> [Information given]:
lemma billiard_foot_iff:
  assumes S: "sym_self_polar X" and C1: "C1_boundary X"
    and p: "p \<in> X" and q: "q \<in> X" "omega p q = 1"
  shows "billiard_foot X z p \<longleftrightarrow> (\<exists>s>0. z = p - s *\<^sub>R q)"
proof -
  have "q \<noteq> 0"
    using q(2) by auto
  have "p \<in> frontier X"
    using sym_self_polar_frontier assms by blast
  moreover have "(\<exists>t. z - p = t *\<^sub>R ((1 / norm q) *\<^sub>R q)) \<and> omega p (p - z) > 0
      \<longleftrightarrow> (\<exists>s>0. z = p - s *\<^sub>R q)"
  proof
    assume "(\<exists>t. z - p = t *\<^sub>R ((1 / norm q) *\<^sub>R q)) \<and> omega p (p - z) > 0"
    then obtain t where "z - p = t *\<^sub>R ((1 / norm q) *\<^sub>R q)" and pos: "omega p (p - z) > 0"
      by blast
    then have z: "z = p - (- t / norm q) *\<^sub>R q"
      by (simp add: algebra_simps)
    moreover have "- t / norm q > 0"
      using pos q(2) by (simp add: z)
    ultimately show "\<exists>s>0. z = p - s *\<^sub>R q"
      by blast
  next
    assume "\<exists>s>0. z = p - s *\<^sub>R q"
    then obtain s where "s > 0" and z: "z = p - s *\<^sub>R q"
      by blast
    then have "z - p = (- s * norm q) *\<^sub>R ((1 / norm q) *\<^sub>R q)" "omega p (p - z) > 0"
      using \<open>q \<noteq> 0\<close> q(2) by simp_all
    then show "(\<exists>t. z - p = t *\<^sub>R ((1 / norm q) *\<^sub>R q)) \<and> omega p (p - z) > 0"
      by blast
  qed
  ultimately show ?thesis
    by (simp add: billiard_foot_def sym_self_polar_cJ_outer_normal[OF S C1 p q])
qed

text \<open>Writing \<open>z = p - s y = p' - s' y'\<close> with partners \<open>y, y'\<close> and \<open>s, s' > 0\<close>, the bound
  \<open>\<omega> \<le> 1\<close> forces \<open>\<omega>(y', y) = 0\<close>, so \<open>-p'\<close> and \<open>-p\<close> are both partners of \<open>y\<close>.\<close>

lemma billiard_foot_unique:
  assumes S: "sym_self_polar X" and C1: "C1_boundary X"
    and "billiard_foot X z p" "billiard_foot X z p'"
  shows "p = p'"
proof -
  have "p \<in> frontier X" "p' \<in> frontier X"
    using assms(3,4) by (simp_all add: billiard_foot_def)
  then have pX: "p \<in> X" "p' \<in> X"
    using frontier_subset_closed[OF sym_self_polar_closed[OF S]] by auto
  obtain y y' where y: "y \<in> X" "omega p y = 1" and y': "y' \<in> X" "omega p' y' = 1"
    using polar_map_partner[OF S C1] \<open>p \<in> frontier X\<close> \<open>p' \<in> frontier X\<close> by metis
  obtain s s' where s: "s > 0" "z = p - s *\<^sub>R y" and s': "s' > 0" "z = p' - s' *\<^sub>R y'"
    using assms(3,4) billiard_foot_iff[OF S C1] pX y y' by metis
  then have p': "p' = p - s *\<^sub>R y + s' *\<^sub>R y'" and p: "p = p' - s' *\<^sub>R y' + s *\<^sub>R y"
    by (simp_all add: algebra_simps)
  have "omega p' y = 1 + s' * omega y' y"
    using y(2) by (simp add: p')
  moreover have "omega p y' = 1 + s * omega y y'"
    using y'(2) by (simp add: p)
  moreover have "omega p' y \<le> 1" "omega p y' \<le> 1"
    using sym_self_polar_omega_le[OF S] pX y y' by auto
  ultimately have "omega y' y = 0"
    using s(1) s'(1) omega_antisym[of y' y] by (smt (verit) mult_pos_pos mult_pos_neg)
  then have "omega y (- p') = 1" "omega y (- p) = 1"
    using \<open>omega p' y = 1 + s' * omega y' y\<close> y(2) omega_antisym[of y] by auto
  then have "- p' = - p"
    using sym_self_polar_partner_unique[OF S C1 y(1)] sym_self_polar_uminus[OF S] pX by blast
  then show ?thesis
    by simp
qed

lemma outer_billiard_diff:
  assumes S: "sym_self_polar X" and C1: "C1_boundary X"
    and "p \<in> X" "q \<in> X" "omega p q = 1"
  shows "outer_billiard X (p - q) = p + q"
proof -
  have "billiard_foot X (p - q) p"
    using billiard_foot_iff[OF assms] by (metis scaleR_one zero_less_one)
  then have "(THE x. billiard_foot X (p - q) x) = p"
    using billiard_foot_unique[OF S C1] by blast
  then show ?thesis
    by (simp add: outer_billiard_eq_foot scaleR_2)
qed

lemma sym_self_polar_diff_notin:
  assumes S: "sym_self_polar X" and C1: "C1_boundary X"
    and "p \<in> X" "q \<in> X" "omega p q = 1"
  shows "p - q \<notin> X"
proof
  assume "p - q \<in> X"
  moreover have "omega (p - q) p = 1" "omega (p - q) q = 1"
    using assms(5) omega_antisym[of q p] by simp_all
  ultimately have "p = q"
    using sym_self_polar_partner_unique[OF S C1] assms(3,4) by blast
  then show False
    using assms(5) by simp
qed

> [What you are asked to do]:
All of the entries must be given again, word for word.

> [Result]:
lemma billiard_foot_iff:
  assumes S: "sym_self_polar X" and C1: "C1_boundary X"
    and p: "p \<in> X" and q: "q \<in> X" "omega p q = 1"
  shows "billiard_foot X z p \<longleftrightarrow> (\<exists>s>0. z = p - s *\<^sub>R q)"
proof -
  have "q \<noteq> 0"
    using q(2) by auto
  have "p \<in> frontier X"
    using sym_self_polar_frontier assms by blast
  moreover have "(\<exists>t. z - p = t *\<^sub>R ((1 / norm q) *\<^sub>R q)) \<and> omega p (p - z) > 0
      \<longleftrightarrow> (\<exists>s>0. z = p - s *\<^sub>R q)"
  proof
    assume "(\<exists>t. z - p = t *\<^sub>R ((1 / norm q) *\<^sub>R q)) \<and> omega p (p - z) > 0"
    then obtain t where "z - p = t *\<^sub>R ((1 / norm q) *\<^sub>R q)" and pos: "omega p (p - z) > 0"
      by blast
    then have z: "z = p - (- t / norm q) *\<^sub>R q"
      by (simp add: algebra_simps)
    moreover have "- t / norm q > 0"
      using pos q(2) by (simp add: z)
    ultimately show "\<exists>s>0. z = p - s *\<^sub>R q"
      by blast
  next
    assume "\<exists>s>0. z = p - s *\<^sub>R q"
    then obtain s where "s > 0" and z: "z = p - s *\<^sub>R q"
      by blast
    then have "z - p = (- s * norm q) *\<^sub>R ((1 / norm q) *\<^sub>R q)" "omega p (p - z) > 0"
      using \<open>q \<noteq> 0\<close> q(2) by simp_all
    then show "(\<exists>t. z - p = t *\<^sub>R ((1 / norm q) *\<^sub>R q)) \<and> omega p (p - z) > 0"
      by blast
  qed
  ultimately show ?thesis
    by (simp add: billiard_foot_def sym_self_polar_cJ_outer_normal[OF S C1 p q])
qed

text \<open>Writing \<open>z = p - s y = p' - s' y'\<close> with partners \<open>y, y'\<close> and \<open>s, s' > 0\<close>, the bound
  \<open>\<omega> \<le> 1\<close> forces \<open>\<omega>(y', y) = 0\<close>, so \<open>-p'\<close> and \<open>-p\<close> are both partners of \<open>y\<close>.\<close>

lemma billiard_foot_unique:
  assumes S: "sym_self_polar X" and C1: "C1_boundary X"
    and "billiard_foot X z p" "billiard_foot X z p'"
  shows "p = p'"
proof -
  have "p \<in> frontier X" "p' \<in> frontier X"
    using assms(3,4) by (simp_all add: billiard_foot_def)
  then have pX: "p \<in> X" "p' \<in> X"
    using frontier_subset_closed[OF sym_self_polar_closed[OF S]] by auto
  obtain y y' where y: "y \<in> X" "omega p y = 1" and y': "y' \<in> X" "omega p' y' = 1"
    using polar_map_partner[OF S C1] \<open>p \<in> frontier X\<close> \<open>p' \<in> frontier X\<close> by metis
  obtain s s' where s: "s > 0" "z = p - s *\<^sub>R y" and s': "s' > 0" "z = p' - s' *\<^sub>R y'"
    using assms(3,4) billiard_foot_iff[OF S C1] pX y y' by metis
  then have p': "p' = p - s *\<^sub>R y + s' *\<^sub>R y'" and p: "p = p' - s' *\<^sub>R y' + s *\<^sub>R y"
    by (simp_all add: algebra_simps)
  have "omega p' y = 1 + s' * omega y' y"
    using y(2) by (simp add: p')
  moreover have "omega p y' = 1 + s * omega y y'"
    using y'(2) by (simp add: p)
  moreover have "omega p' y \<le> 1" "omega p y' \<le> 1"
    using sym_self_polar_omega_le[OF S] pX y y' by auto
  ultimately have "omega y' y = 0"
    using s(1) s'(1) omega_antisym[of y' y] by (smt (verit) mult_pos_pos mult_pos_neg)
  then have "omega y (- p') = 1" "omega y (- p) = 1"
    using \<open>omega p' y = 1 + s' * omega y' y\<close> y(2) omega_antisym[of y] by auto
  then have "- p' = - p"
    using sym_self_polar_partner_unique[OF S C1 y(1)] sym_self_polar_uminus[OF S] pX by blast
  then show ?thesis
    by simp
qed

lemma outer_billiard_diff:
  assumes S: "sym_self_polar X" and C1: "C1_boundary X"
    and "p \<in> X" "q \<in> X" "omega p q = 1"
  shows "outer_billiard X (p - q) = p + q"
proof -
  have "billiard_foot X (p - q) p"
    using billiard_foot_iff[OF assms] by (metis scaleR_one zero_less_one)
  then have "(THE x. billiard_foot X (p - q) x) = p"
    using billiard_foot_unique[OF S C1] by blast
  then show ?thesis
    by (simp add: outer_billiard_eq_foot scaleR_2)
qed

lemma sym_self_polar_diff_notin:
  assumes S: "sym_self_polar X" and C1: "C1_boundary X"
    and "p \<in> X" "q \<in> X" "omega p q = 1"
  shows "p - q \<notin> X"
proof
  assume "p - q \<in> X"
  moreover have "omega (p - q) p = 1" "omega (p - q) q = 1"
    using assms(5) omega_antisym[of q p] by simp_all
  ultimately have "p = q"
    using sym_self_polar_partner_unique[OF S C1] assms(3,4) by blast
  then show False
    using assms(5) by simp
qed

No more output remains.